EXERCISE
Give the listing again exactly as written.

*** Begin section ***

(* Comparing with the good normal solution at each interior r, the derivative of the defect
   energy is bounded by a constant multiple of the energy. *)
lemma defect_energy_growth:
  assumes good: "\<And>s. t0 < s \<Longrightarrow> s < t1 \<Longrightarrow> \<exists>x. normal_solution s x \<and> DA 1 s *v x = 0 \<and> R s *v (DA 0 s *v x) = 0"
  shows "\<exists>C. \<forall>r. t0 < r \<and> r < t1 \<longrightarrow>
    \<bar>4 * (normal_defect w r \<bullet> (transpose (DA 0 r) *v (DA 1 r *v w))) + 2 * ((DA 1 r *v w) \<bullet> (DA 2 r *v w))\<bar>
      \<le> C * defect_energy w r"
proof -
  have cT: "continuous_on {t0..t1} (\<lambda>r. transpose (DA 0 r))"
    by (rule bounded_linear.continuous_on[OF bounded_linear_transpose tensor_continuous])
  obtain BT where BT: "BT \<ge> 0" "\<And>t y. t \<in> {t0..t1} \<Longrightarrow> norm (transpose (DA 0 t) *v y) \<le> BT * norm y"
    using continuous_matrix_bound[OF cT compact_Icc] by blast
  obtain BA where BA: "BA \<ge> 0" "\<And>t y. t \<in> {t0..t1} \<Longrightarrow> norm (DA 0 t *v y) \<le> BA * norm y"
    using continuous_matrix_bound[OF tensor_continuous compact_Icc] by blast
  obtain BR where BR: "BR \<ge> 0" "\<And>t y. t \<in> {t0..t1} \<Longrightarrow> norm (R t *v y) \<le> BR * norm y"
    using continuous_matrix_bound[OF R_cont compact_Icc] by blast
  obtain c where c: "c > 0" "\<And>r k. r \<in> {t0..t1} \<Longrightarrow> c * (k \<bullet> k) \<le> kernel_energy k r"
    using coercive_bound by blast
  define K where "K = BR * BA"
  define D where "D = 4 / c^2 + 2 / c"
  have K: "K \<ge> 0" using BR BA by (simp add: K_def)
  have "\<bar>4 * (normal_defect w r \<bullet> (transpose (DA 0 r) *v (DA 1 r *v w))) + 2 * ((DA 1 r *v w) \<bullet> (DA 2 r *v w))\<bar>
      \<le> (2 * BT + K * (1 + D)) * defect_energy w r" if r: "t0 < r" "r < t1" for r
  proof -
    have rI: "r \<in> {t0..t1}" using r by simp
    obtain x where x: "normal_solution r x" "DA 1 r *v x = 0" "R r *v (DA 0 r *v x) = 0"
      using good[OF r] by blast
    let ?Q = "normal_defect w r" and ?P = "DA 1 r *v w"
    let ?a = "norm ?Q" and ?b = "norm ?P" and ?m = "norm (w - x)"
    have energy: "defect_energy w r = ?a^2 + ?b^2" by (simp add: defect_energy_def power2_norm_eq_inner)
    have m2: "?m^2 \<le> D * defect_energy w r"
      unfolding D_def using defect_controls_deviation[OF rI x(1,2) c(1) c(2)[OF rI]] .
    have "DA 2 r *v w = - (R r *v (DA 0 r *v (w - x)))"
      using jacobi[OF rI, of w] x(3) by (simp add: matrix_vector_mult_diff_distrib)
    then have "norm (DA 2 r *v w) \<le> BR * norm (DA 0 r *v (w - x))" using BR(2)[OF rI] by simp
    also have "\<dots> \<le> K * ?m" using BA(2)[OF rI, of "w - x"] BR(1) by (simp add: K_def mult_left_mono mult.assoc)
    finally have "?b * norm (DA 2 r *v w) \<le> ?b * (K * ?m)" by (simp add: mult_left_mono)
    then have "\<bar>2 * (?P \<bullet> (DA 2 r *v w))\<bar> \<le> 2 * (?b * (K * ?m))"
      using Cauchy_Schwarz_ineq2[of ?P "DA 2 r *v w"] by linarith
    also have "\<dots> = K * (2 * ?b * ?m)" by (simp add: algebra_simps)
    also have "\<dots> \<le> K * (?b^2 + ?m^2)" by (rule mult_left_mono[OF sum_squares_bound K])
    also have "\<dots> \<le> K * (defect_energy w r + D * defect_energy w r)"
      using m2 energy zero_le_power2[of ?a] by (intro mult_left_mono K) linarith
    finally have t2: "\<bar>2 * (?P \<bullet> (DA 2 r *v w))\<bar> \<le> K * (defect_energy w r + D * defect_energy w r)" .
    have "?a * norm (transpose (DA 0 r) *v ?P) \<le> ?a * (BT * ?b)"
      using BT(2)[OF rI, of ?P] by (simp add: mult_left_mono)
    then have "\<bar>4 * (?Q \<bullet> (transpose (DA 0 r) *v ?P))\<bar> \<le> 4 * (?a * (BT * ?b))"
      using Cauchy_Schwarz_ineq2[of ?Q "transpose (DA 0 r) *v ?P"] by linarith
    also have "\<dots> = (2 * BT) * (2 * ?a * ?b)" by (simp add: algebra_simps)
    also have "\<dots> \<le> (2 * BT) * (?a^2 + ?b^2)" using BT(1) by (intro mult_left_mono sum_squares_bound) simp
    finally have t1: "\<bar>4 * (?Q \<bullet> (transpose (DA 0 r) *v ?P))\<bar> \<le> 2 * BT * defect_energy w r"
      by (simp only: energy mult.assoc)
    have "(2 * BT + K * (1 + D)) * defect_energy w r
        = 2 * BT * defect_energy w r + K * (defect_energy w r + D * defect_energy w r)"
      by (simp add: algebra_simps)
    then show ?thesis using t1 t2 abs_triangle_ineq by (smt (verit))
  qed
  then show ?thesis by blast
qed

*** End section ***

ANSWER AREA
(* Comparing with the good normal solution at each interior r, the derivative of the defect
   energy is bounded by a constant multiple of the energy. *)
lemma defect_energy_growth:
  assumes good: "\<And>s. t0 < s \<Longrightarrow> s < t1 \<Longrightarrow> \<exists>x. normal_solution s x \<and> DA 1 s *v x = 0 \<and> R s *v (DA 0 s *v x) = 0"
  shows "\<exists>C. \<forall>r. t0 < r \<and> r < t1 \<longrightarrow>
    \<bar>4 * (normal_defect w r \<bullet> (transpose (DA 0 r) *v (DA 1 r *v w))) + 2 * ((DA 1 r *v w) \<bullet> (DA 2 r *v w))\<bar>
      \<le> C * defect_energy w r"
proof -
  have cT: "continuous_on {t0..t1} (\<lambda>r. transpose (DA 0 r))"
    by (rule bounded_linear.continuous_on[OF bounded_linear_transpose tensor_continuous])
  obtain BT where BT: "BT \<ge> 0" "\<And>t y. t \<in> {t0..t1} \<Longrightarrow> norm (transpose (DA 0 t) *v y) \<le> BT * norm y"
    using continuous_matrix_bound[OF cT compact_Icc] by blast
  obtain BA where BA: "BA \<ge> 0" "\<And>t y. t \<in> {t0..t1} \<Longrightarrow> norm (DA 0 t *v y) \<le> BA * norm y"
    using continuous_matrix_bound[OF tensor_continuous compact_Icc] by blast
  obtain BR where BR: "BR \<ge> 0" "\<And>t y. t \<in> {t0..t1} \<Longrightarrow> norm (R t *v y) \<le> BR * norm y"
    using continuous_matrix_bound[OF R_cont compact_Icc] by blast
  obtain c where c: "c > 0" "\<And>r k. r \<in> {t0..t1} \<Longrightarrow> c * (k \<bullet> k) \<le> kernel_energy k r"
    using coercive_bound by blast
  define K where "K = BR * BA"
  define D where "D = 4 / c^2 + 2 / c"
  have K: "K \<ge> 0" using BR BA by (simp add: K_def)
  have "\<bar>4 * (normal_defect w r \<bullet> (transpose (DA 0 r) *v (DA 1 r *v w))) + 2 * ((DA 1 r *v w) \<bullet> (DA 2 r *v w))\<bar>
      \<le> (2 * BT + K * (1 + D)) * defect_energy w r" if r: "t0 < r" "r < t1" for r
  proof -
    have rI: "r \<in> {t0..t1}" using r by simp
    obtain x where x: "normal_solution r x" "DA 1 r *v x = 0" "R r *v (DA 0 r *v x) = 0"
      using good[OF r] by blast
    let ?Q = "normal_defect w r" and ?P = "DA 1 r *v w"
    let ?a = "norm ?Q" and ?b = "norm ?P" and ?m = "norm (w - x)"
    have energy: "defect_energy w r = ?a^2 + ?b^2" by (simp add: defect_energy_def power2_norm_eq_inner)
    have m2: "?m^2 \<le> D * defect_energy w r"
      unfolding D_def using defect_controls_deviation[OF rI x(1,2) c(1) c(2)[OF rI]] .
    have "DA 2 r *v w = - (R r *v (DA 0 r *v (w - x)))"
      using jacobi[OF rI, of w] x(3) by (simp add: matrix_vector_mult_diff_distrib)
    then have "norm (DA 2 r *v w) \<le> BR * norm (DA 0 r *v (w - x))" using BR(2)[OF rI] by simp
    also have "\<dots> \<le> K * ?m" using BA(2)[OF rI, of "w - x"] BR(1) by (simp add: K_def mult_left_mono mult.assoc)
    finally have "?b * norm (DA 2 r *v w) \<le> ?b * (K * ?m)" by (simp add: mult_left_mono)
    then have "\<bar>2 * (?P \<bullet> (DA 2 r *v w))\<bar> \<le> 2 * (?b * (K * ?m))"
      using Cauchy_Schwarz_ineq2[of ?P "DA 2 r *v w"] by linarith
    also have "\<dots> = K * (2 * ?b * ?m)" by (simp add: algebra_simps)
    also have "\<dots> \<le> K * (?b^2 + ?m^2)" by (rule mult_left_mono[OF sum_squares_bound K])
    also have "\<dots> \<le> K * (defect_energy w r + D * defect_energy w r)"
      using m2 energy zero_le_power2[of ?a] by (intro mult_left_mono K) linarith
    finally have t2: "\<bar>2 * (?P \<bullet> (DA 2 r *v w))\<bar> \<le> K * (defect_energy w r + D * defect_energy w r)" .
    have "?a * norm (transpose (DA 0 r) *v ?P) \<le> ?a * (BT * ?b)"
      using BT(2)[OF rI, of ?P] by (simp add: mult_left_mono)
    then have "\<bar>4 * (?Q \<bullet> (transpose (DA 0 r) *v ?P))\<bar> \<le> 4 * (?a * (BT * ?b))"
      using Cauchy_Schwarz_ineq2[of ?Q "transpose (DA 0 r) *v ?P"] by linarith
    also have "\<dots> = (2 * BT) * (2 * ?a * ?b)" by (simp add: algebra_simps)
    also have "\<dots> \<le> (2 * BT) * (?a^2 + ?b^2)" using BT(1) by (intro mult_left_mono sum_squares_bound) simp
    finally have t1: "\<bar>4 * (?Q \<bullet> (transpose (DA 0 r) *v ?P))\<bar> \<le> 2 * BT * defect_energy w r"
      by (simp only: energy mult.assoc)
    have "(2 * BT + K * (1 + D)) * defect_energy w r
        = 2 * BT * defect_energy w r + K * (defect_energy w r + D * defect_energy w r)"
      by (simp add: algebra_simps)
    then show ?thesis using t1 t2 abs_triangle_ineq by (smt (verit))
  qed
  then show ?thesis by blast
qed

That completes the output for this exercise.